= Throw the cat among the pigeons =

British idiom

Throwing (also putting and setting) the cat among the pigeons (also amongst the pigeons) is a British idiom used to describe a disturbance caused by an undesirable person from the perspective of a group.

Another use of the term is to "cause an enormous fight or flap, usually by revealing a controversial fact or secret", or in other words: to do something suddenly or unexpectedly which leaves the people worried or angry. The key point being the making explicit a controversial or precarious paradigm or settlement.

==History and usage==
The phrase originally referred to the disturbance likely to be created by putting a cat inside a dovecote (or dove house). This disturbance is caused by the cat's tendency to hunt and kill the birds, only made easier by their close proximity.

===Similarity in other languages and cultures===
In Dutch, the same meaning is expressed in the proverb "De knuppel in het hoenderhok gooien," literally translated to "Throwing the bat into the chicken shed." Whilst being similar to other idioms, in this case there is an element of aggression, and a power differential becomes the key element in the undesirability. The Spanish-language version of the phrase is alborotar a todo el palomar, "to disturb the dovecote". In Russian, there is a proverb similar in meaning "пустить козла в огород" (let a goat into the garden).

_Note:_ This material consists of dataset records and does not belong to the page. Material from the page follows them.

(* Let $(W,+)$ be a commutative group with subgroups $F\le B\le W$, where $F=\{0,1\}$ has order $2$ (so $1$ denotes an element of order $2$ of $W$, and $F$ is identified with the field with two elements). Suppose that $\overline W=W/B$ is an elementary abelian $2$-group, regarded as a vector space over $F$. Let $\overline q:\overline W\to F$ be a quadratic form with associated bilinear form $\overline h:\overline W\times\overline W\to F$, $\overline h(\overline u,\overline v)=\overline q(\overline u+\overline v)-\overline q(\overline u)-\overline q(\overline v)$. Define $q:W\to F$ and $h:W\times W\to F$ by $q(u)=\overline q(u+B)$ and $h(u,v)=\overline h(u+B,v+B)$. Let $Q=\mathcal Q(F,B,W,\overline q)$ be the magma on $F\times W$ with multiplication $$(i,u)\cdot(j,v)=(i+j,\ u+v+jq(u)+ih(u,v)),$$ where $i+j$ and the products $jq(u)$, $ih(u,v)$ are computed in the field $F$ and then regarded as elements of $F\subseteq W$. Then: (i) $Q$ is a centrally nilpotent loop, and it is a central extension of the commutative group $B$ by the elementary abelian $2$-group $F\times\overline W$; (ii) $Q$ is congruence solvable and hence classically solvable; (iii) $Q$ is an extra loop; (iv) $Q$ is a group if and only if the quadratic form $\overline q$ is linear; (v) $X=0\times W$ is an abelian normal subloop of $Q$ (i.e. a normal subloop that is a commutative group); (vi) if $Q$ is not a group, then the congruence of $Q$ induced by $X$ is not abelian.
   Context: A loop is a magma $(Q,\cdot,1)$ with two-sided identity $1$ in which all left and right translations $y\mapsto xy$, $y\mapsto yx$ are bijections. A subloop is normal if it is the kernel of a loop homomorphism. The nucleus $\mathrm{Nuc}(Q)$ is the set of $x$ with $x(yz)=(xy)z$, $y(xz)=(yx)z$, $y(zx)=(yz)x$ for all $y,z$; the center $Z(Q)$ consists of nuclear elements commuting with all elements. Given a commutative group $(X,+,0)$, a loop $F'$ and $\theta:F'\times F'\to X$ with $\theta_{1,r}=0=\theta_{r,1}$, the loop on $F'\times X$ with $(r,x)(s,y)=(rs,x+y+\theta_{r,s})$ is a central extension of $X$ by $F'$. A loop is centrally nilpotent if it has a series $Q=Q_0\ge Q_1\ge\dots\ge Q_n=1$ of normal subloops of $Q$ with $Q_i/Q_{i+1}\le Z(Q/Q_{i+1})$. A quadratic form on a vector space $V$ over a field $K$ is a map $q:V\to K$ with $q(\lambda u)=\lambda^2q(u)$ such that $(u,v)\mapsto q(u+v)-q(u)-q(v)$ is bilinear. An extra loop is a loop satisfying $x(y\cdot zx)=(xy\cdot z)x$. For a normal subloop $X$ of a loop $Q$, the induced congruence $\alpha_X$ has classes $\{aX\}$; $X$ induces an abelian congruence (is abelian in $Q$) if $[\alpha_X,\alpha_X]_Q$ is the trivial congruence in the Freese–McKenzie commutator theory of congruence modular varieties; equivalently, $Q$ is isomorphic to an abelian extension of $X$ by $Q/X$, i.e. a loop on $Q/X\times X$ with $(r,x)(s,y)=(rs,\varphi_{r,s}(x)+\psi_{r,s}(y)+\theta_{r,s})$ where $\varphi_{r,s},\psi_{r,s}\in\mathrm{Aut}(X)$, $\theta_{r,s}\in X$, $\varphi_{r,1}=\mathrm{id}=\psi_{1,r}$, $\theta_{1,r}=0=\theta_{r,1}$. A loop is classically solvable if it has a series $Q=Q_0\ge\dots\ge Q_n=1$ of normal subloops of $Q$ with each $Q_i/Q_{i+1}$ a commutative group; it is congruence solvable if it has such a series with each $Q_i/Q_{i+1}$ inducing an abelian congruence of $Q/Q_{i+1}$. *)

theory Defs
  imports Main
begin
lemma d_stronger_by_injection:
  assumes "finite EH"
    and inj: "inj_on \<phi> {F. d_pathset d EG sG tG F}"
    and pathset: "\<And>F. d_pathset d EG sG tG F \<Longrightarrow> d_pathset d EH sH tH (\<phi> F)"
    and card: "\<And>F. d_pathset d EG sG tG F \<Longrightarrow> card (\<phi> F) = card F"
    and W: "d_pathset d EH sH tH W" "W \<notin> \<phi> ` {F. d_pathset d EG sG tG F}" "card W \<in> {1..m}"
  shows "d_stronger d m EH sH tH EG sG tG"
proof -
  define PG where "PG i = {F. d_pathset d EG sG tG F \<and> card F = i}" for i
  define PH where "PH i = {F. d_pathset d EH sH tH F \<and> card F = i}" for i
  have "finite (PH i)" for i
    by (rule finite_subset[of _ "Pow EH"]) (auto simp: PH_def d_pathset_def \<open>finite EH\<close>)
  moreover have inj_PG: "inj_on \<phi> (PG i)" for i
    using inj by (rule inj_on_subset) (auto simp: PG_def)
  moreover have image_PG: "\<phi> ` PG i \<subseteq> PH i" for i
    using pathset card by (auto simp: PG_def PH_def)
  ultimately have le: "card (PG i) \<le> card (PH i)" for i
    by (metis card_inj_on_le)
  have "W \<in> PH (card W) - \<phi> ` PG (card W)"
    using W(1,2) by (auto simp: PG_def PH_def)
  then have "\<phi> ` PG (card W) \<subset> PH (card W)"
    using image_PG by blast
  then have "card (PG (card W)) < card (PH (card W))"
    using \<open>finite (PH (card W))\<close> psubset_card_mono card_image[OF inj_PG] by metis
  then show ?thesis
    unfolding d_stronger_def N_def using le W(3) by (auto simp: PG_def PH_def)
qed
(* Let $p\in(0,1)$ and let $\beta:\mathbb{N}\to\mathbb{R}$ be a function such that $|\beta(n)|=O(\sqrt{n})$ and $\lim_{n\to\infty}|\beta(n)|=\infty$. Then for all sufficiently large $n$, $$\frac{B^{\lfloor np\rfloor}_n(p)}{B^{\lfloor np\rfloor-\lfloor\beta(n)\rfloor}_n(p)}\leq \exp\!\Big(\frac{1}{p(1-p)}\cdot\frac{\lfloor\beta(n)\rfloor^2}{n}\Big).$$
   Context: For $p\in(0,1)$, $n\in\mathbb{N}$ and $i\in\mathbb{Z}$, $B_n^i(p)=\binom{n}{i}p^i(1-p)^{n-i}$ if $0\leq i\leq n$ and $B_n^i(p)=0$ otherwise. For $f,g:\mathbb{N}\to\mathbb{R}^+_0$, $f(n)=O(g(n))$ means there is $C>0$ with $f(n)\leq Cg(n)$ for all sufficiently large $n$. *)

theory Defs
  imports "HOL-Analysis.Analysis" "HOL-Library.Landau_Symbols"
begin

definition binom_prob :: "nat \<Rightarrow> int \<Rightarrow> real \<Rightarrow> real" where
  "binom_prob n i p = (if 0 \<le> i \<and> i \<le> int n
     then real (n choose nat i) * p ^ nat i * (1 - p) ^ (n - nat i) else 0)"

end

theory Submission
  imports Defs
begin

text \<open>Write k = floor(np) and m = |floor(beta n)|. Shifting the index by m multiplies
  B_n^i(p) by a product of m consecutive ratios (n - i) p / ((i + 1)(1 - p)). Near the mean each
  ratio is a product of two factors 1 + x with x = O(m/n), so 1 + x \<le> exp x bounds the product
  by the exponential of an arithmetic series, which is at most m^2 / (n p (1 - p)) when
  3 \<le> m \<le> n p / 3. Shifts in the other direction reduce to this through the symmetry
  B_n^i(p) = B_n^(n-i)(1 - p); since n - floor(np) is a ceiling rather than a floor of n(1 - p),
  the core estimate only asks the upper index to be within 1 of the mean. The hypotheses on beta
  make 3 \<le> m \<le> n min(p, 1 - p) / 3 hold eventually.\<close>

lemma binom_prob_of_nat:
  "i \<le> n \<Longrightarrow> binom_prob n (int i) p = real (n choose i) * p ^ i * (1 - p) ^ (n - i)"
  by (simp add: binom_prob_def)

lemma binom_prob_pos: "i \<le> n \<Longrightarrow> 0 < p \<Longrightarrow> p < 1 \<Longrightarrow> 0 < binom_prob n (int i) p"
  by (simp add: binom_prob_of_nat)

lemma binom_prob_reflect:
  assumes "i \<le> n"
  shows "binom_prob n (int (n - i)) (1 - p) = binom_prob n (int i) p"
  using assms binom_prob_of_nat[of "n - i" n "1 - p"] binom_prob_of_nat[of i n p]
  by (simp add: binomial_symmetric[OF assms] mult_ac)

lemma binom_prob_Suc_ratio:
  assumes "Suc i \<le> n" "0 < p" "p < 1"
  shows "binom_prob n (int (Suc i)) p / binom_prob n (int i) p
       = real (n - i) * p / (real (Suc i) * (1 - p))"
proof -
  have "real (n choose Suc i) * real (Suc i) = real (n choose i) * real (n - i)"
    by (metis binomial_absorb_comp binomial_absorption mult.commute of_nat_mult)
  then have choose: "real (n choose Suc i) = real (n choose i) * real (n - i) / real (Suc i)"
    by (simp add: field_simps)
  define c where "c = real (n choose i) * p ^ i * (1 - p) ^ (n - Suc i)"
  have "(1 - p) ^ (n - i) = (1 - p) * (1 - p) ^ (n - Suc i)"
    using assms by (simp flip: power_Suc add: Suc_diff_Suc)
  then have Bi: "binom_prob n (int i) p = (1 - p) * c"
    using assms by (simp add: binom_prob_of_nat c_def)
  have BSuc: "binom_prob n (int (Suc i)) p = real (n - i) * p / real (Suc i) * c"
    unfolding binom_prob_of_nat[OF assms(1)] choose c_def by simp
  have "0 < c" using assms by (simp add: c_def)
  then show ?thesis
    unfolding Bi BSuc by (simp add: mult.commute)
qed

lemma binom_prob_add_ratio:
  assumes "k + m \<le> n" "0 < p" "p < 1"
  shows "binom_prob n (int (k + m)) p / binom_prob n (int k) p
       = (\<Prod>t<m. real (n - (k + t)) * p / (real (k + t + 1) * (1 - p)))"
  using assms(1)
proof (induction m)
  case (Suc m)
  have "binom_prob n (int (k + Suc m)) p / binom_prob n (int k) p
      = binom_prob n (int (k + m)) p / binom_prob n (int k) p
        * (binom_prob n (int (Suc (k + m))) p / binom_prob n (int (k + m)) p)"
    using binom_prob_pos[of "k + m" n p] Suc.prems assms by simp
  also have "\<dots> = (\<Prod>t<Suc m. real (n - (k + t)) * p / (real (k + t + 1) * (1 - p)))"
    using Suc binom_prob_Suc_ratio[of "k + m" n p] assms by simp
  finally show ?case .
qed (use binom_prob_pos[of k n p] assms in simp)

lemma binom_ratio_factor_le_exp:
  fixes N p s a M :: real
  assumes "0 < N" "0 < p" "p < 1" "-1 \<le> s" "s \<le> a" "0 \<le> a" "a \<le> M" "M < N * p"
  shows "(N * (1 - p) + s + 1) * p / ((N * p - s) * (1 - p))
       \<le> exp ((a + 1) / (N * (1 - p)) + a / (N * p - M))"
proof -
  have q: "0 < N * (1 - p)" using assms by simp
  have dM: "0 < N * p - M" and d: "0 < N * p - s" using assms by linarith+
  have left: "(N * (1 - p) + s + 1) / (N * (1 - p)) \<le> exp ((a + 1) / (N * (1 - p)))"
  proof -
    have "(N * (1 - p) + s + 1) / (N * (1 - p)) = 1 + (s + 1) / (N * (1 - p))"
      using assms by (simp only: add.assoc add_divide_distrib) simp
    also have "\<dots> \<le> exp ((s + 1) / (N * (1 - p)))" by (rule exp_ge_add_one_self)
    also have "\<dots> \<le> exp ((a + 1) / (N * (1 - p)))"
      using q assms by (simp add: divide_right_mono)
    finally show ?thesis .
  qed
  have right: "N * p / (N * p - s) \<le> exp (a / (N * p - M))"
  proof -
    have "N * p / (N * p - s) = 1 + s / (N * p - s)"
      using d by (simp add: field_simps)
    also have "\<dots> \<le> exp (s / (N * p - s))" by (rule exp_ge_add_one_self)
    also have "s / (N * p - s) \<le> a / (N * p - M)"
    proof (cases "s \<le> 0")
      case True
      then have "s / (N * p - s) \<le> 0" using d by (simp add: divide_nonpos_pos)
      also have "0 \<le> a / (N * p - M)" using assms dM by simp
      finally show ?thesis .
    next
      case False
      then show ?thesis using assms dM by (intro frac_le) linarith+
    qed
    then have "exp (s / (N * p - s)) \<le> exp (a / (N * p - M))" by simp
    finally show ?thesis .
  qed
  have "(N * (1 - p) + s + 1) * p / ((N * p - s) * (1 - p))
      = (N * (1 - p) + s + 1) / (N * (1 - p)) * (N * p / (N * p - s))"
  proof -
    have "x * p / (y * (1 - p)) = x / (N * (1 - p)) * (N * p / y)" if "y \<noteq> 0" for x y :: real
      using that assms by (simp add: field_simps)
    then show ?thesis using d by simp
  qed
  also have "\<dots> \<le> exp ((a + 1) / (N * (1 - p))) * exp (a / (N * p - M))"
    using left right q d assms by (intro mult_mono) simp_all
  finally show ?thesis by (simp add: exp_add)
qed

lemma sum_lessThan_reflect: "(\<Sum>t<m. real m - real t) = real m * (real m + 1) / 2"
  by (induction m) (auto simp: sum_subtractf field_simps)

lemma binom_ratio_exponent_sum_le:
  fixes N p :: real and m :: nat
  assumes "0 < p" "p < 1" "3 \<le> m" "3 * real m \<le> N * p"
  shows "(\<Sum>t<m. (real m - real t + 1) / (N * (1 - p)) + (real m - real t) / (N * p - real m))
       \<le> 1 / (p * (1 - p)) * (real m)\<^sup>2 / N"
proof -
  have "0 < N * p" using assms by linarith
  then have N: "0 < N" using assms by (simp add: zero_less_mult_iff)
  define A B where "A = 1 / (N * (1 - p))" and "B = 1 / (N * p - real m)"
  have "(\<Sum>t<m. (real m - real t + 1) / (N * (1 - p)) + (real m - real t) / (N * p - real m))
      = (\<Sum>t<m. A + (A + B) * (real m - real t))"
    by (intro sum.cong) (simp_all add: A_def B_def divide_inverse algebra_simps)
  also have "\<dots> = A * real m * (real m + 3) / 2 + B * real m * (real m + 1) / 2"
    by (simp add: sum.distrib sum_lessThan_reflect flip: sum_distrib_left) (simp add: field_simps)
  also have "\<dots> \<le> A * real m * (real m + 3) / 2 + 3 / (2 * N * p) * real m * (real m + 1) / 2"
  proof -
    have "2 * N * p / 3 \<le> N * p - real m" using assms by linarith
    then have "B \<le> 1 / (2 * N * p / 3)"
      unfolding B_def using N assms by (intro divide_left_mono) auto
    then have "B \<le> 3 / (2 * N * p)" by simp
    then show ?thesis by (intro add_left_mono divide_right_mono mult_right_mono) simp_all
  qed
  also have "\<dots> = real m * (2 * p * (real m + 3) + 3 * (1 - p) * (real m + 1)) / (4 * N * p * (1 - p))"
    using assms N by (simp add: A_def field_simps)
  also have "\<dots> \<le> real m * (4 * real m) / (4 * N * p * (1 - p))"
  proof -
    have "0 \<le> (real m - 3) * (1 + p)" using assms by simp
    then have "2 * p * (real m + 3) + 3 * (1 - p) * (real m + 1) \<le> 4 * real m"
      by (simp add: algebra_simps)
    then show ?thesis using assms N by (intro divide_right_mono mult_left_mono) auto
  qed
  also have "\<dots> = 1 / (p * (1 - p)) * (real m)\<^sup>2 / N"
    using assms N by (simp add: field_simps power2_eq_square)
  finally show ?thesis .
qed

lemma binom_prob_ratio_le_exp:
  fixes n j m :: nat and p :: real
  assumes p: "0 < p" "p < 1" and m: "3 \<le> m" "3 * real m \<le> real n * p"
    and near_mode: "real n * p - 1 < real (j + m)" "real (j + m) < real n * p + 1"
  shows "binom_prob n (int (j + m)) p / binom_prob n (int j) p
       \<le> exp (1 / (p * (1 - p)) * (real m)\<^sup>2 / real n)"
proof -
  have "real n * p \<le> real n" using p by (simp add: mult_left_le)
  then have jm_n: "j + m \<le> n" using near_mode by linarith
  have n: "0 < real n" using m by (cases "n = 0") auto
  have factor: "real (n - (j + t)) * p / (real (j + t + 1) * (1 - p))
      \<le> exp ((real m - real t + 1) / (real n * (1 - p)) + (real m - real t) / (real n * p - real m))"
    if "t < m" for t
  proof -
    define s where "s = real n * p - real (j + t + 1)"
    have "real (n - (j + t)) = real n * (1 - p) + s + 1" "real (j + t + 1) = real n * p - s"
      using \<open>t < m\<close> jm_n by (simp_all add: s_def of_nat_diff algebra_simps)
    moreover have "-1 \<le> s" "s \<le> real m - real t"
      using \<open>t < m\<close> near_mode by (simp_all add: s_def)
    ultimately show ?thesis
      using \<open>t < m\<close> n p m by (simp add: binom_ratio_factor_le_exp)
  qed
  have "binom_prob n (int (j + m)) p / binom_prob n (int j) p
      = (\<Prod>t<m. real (n - (j + t)) * p / (real (j + t + 1) * (1 - p)))"
    using binom_prob_add_ratio[OF jm_n p] .
  also have "\<dots> \<le> (\<Prod>t<m. exp ((real m - real t + 1) / (real n * (1 - p))
                                 + (real m - real t) / (real n * p - real m)))"
    using factor p jm_n by (intro prod_mono) (simp add: divide_nonneg_pos)
  also have "\<dots> = exp (\<Sum>t<m. (real m - real t + 1) / (real n * (1 - p))
                            + (real m - real t) / (real n * p - real m))"
    by (simp add: exp_sum)
  also have "\<dots> \<le> exp (1 / (p * (1 - p)) * (real m)\<^sup>2 / real n)"
    using binom_ratio_exponent_sum_le[OF p m] by simp
  finally show ?thesis .
qed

In colonial India, a popular pastime was to put a wild cat in a pen with pigeons. Bets would be made on how many birds the cat would bring down with one paw-swipe. The period of the British colonisation of India may have introduced this concept, and hence the phrase to the English language.

In French-language, similar meaning is expressed as "Jeter un pavé dans la mare" or "Lancer un pavé dans la mare", ("Throwing a cobblestone in the pond"). It illustrates a provocation disrupting a situation that is commonly considered as calm and established (pond represents calm water) while seeking for a reaction of those considering so (who are splashed by the pond content).

==In literature and the arts==
Cat Among the Pigeons (1959) is the title of a detective-fiction novel by English writer Agatha Christie.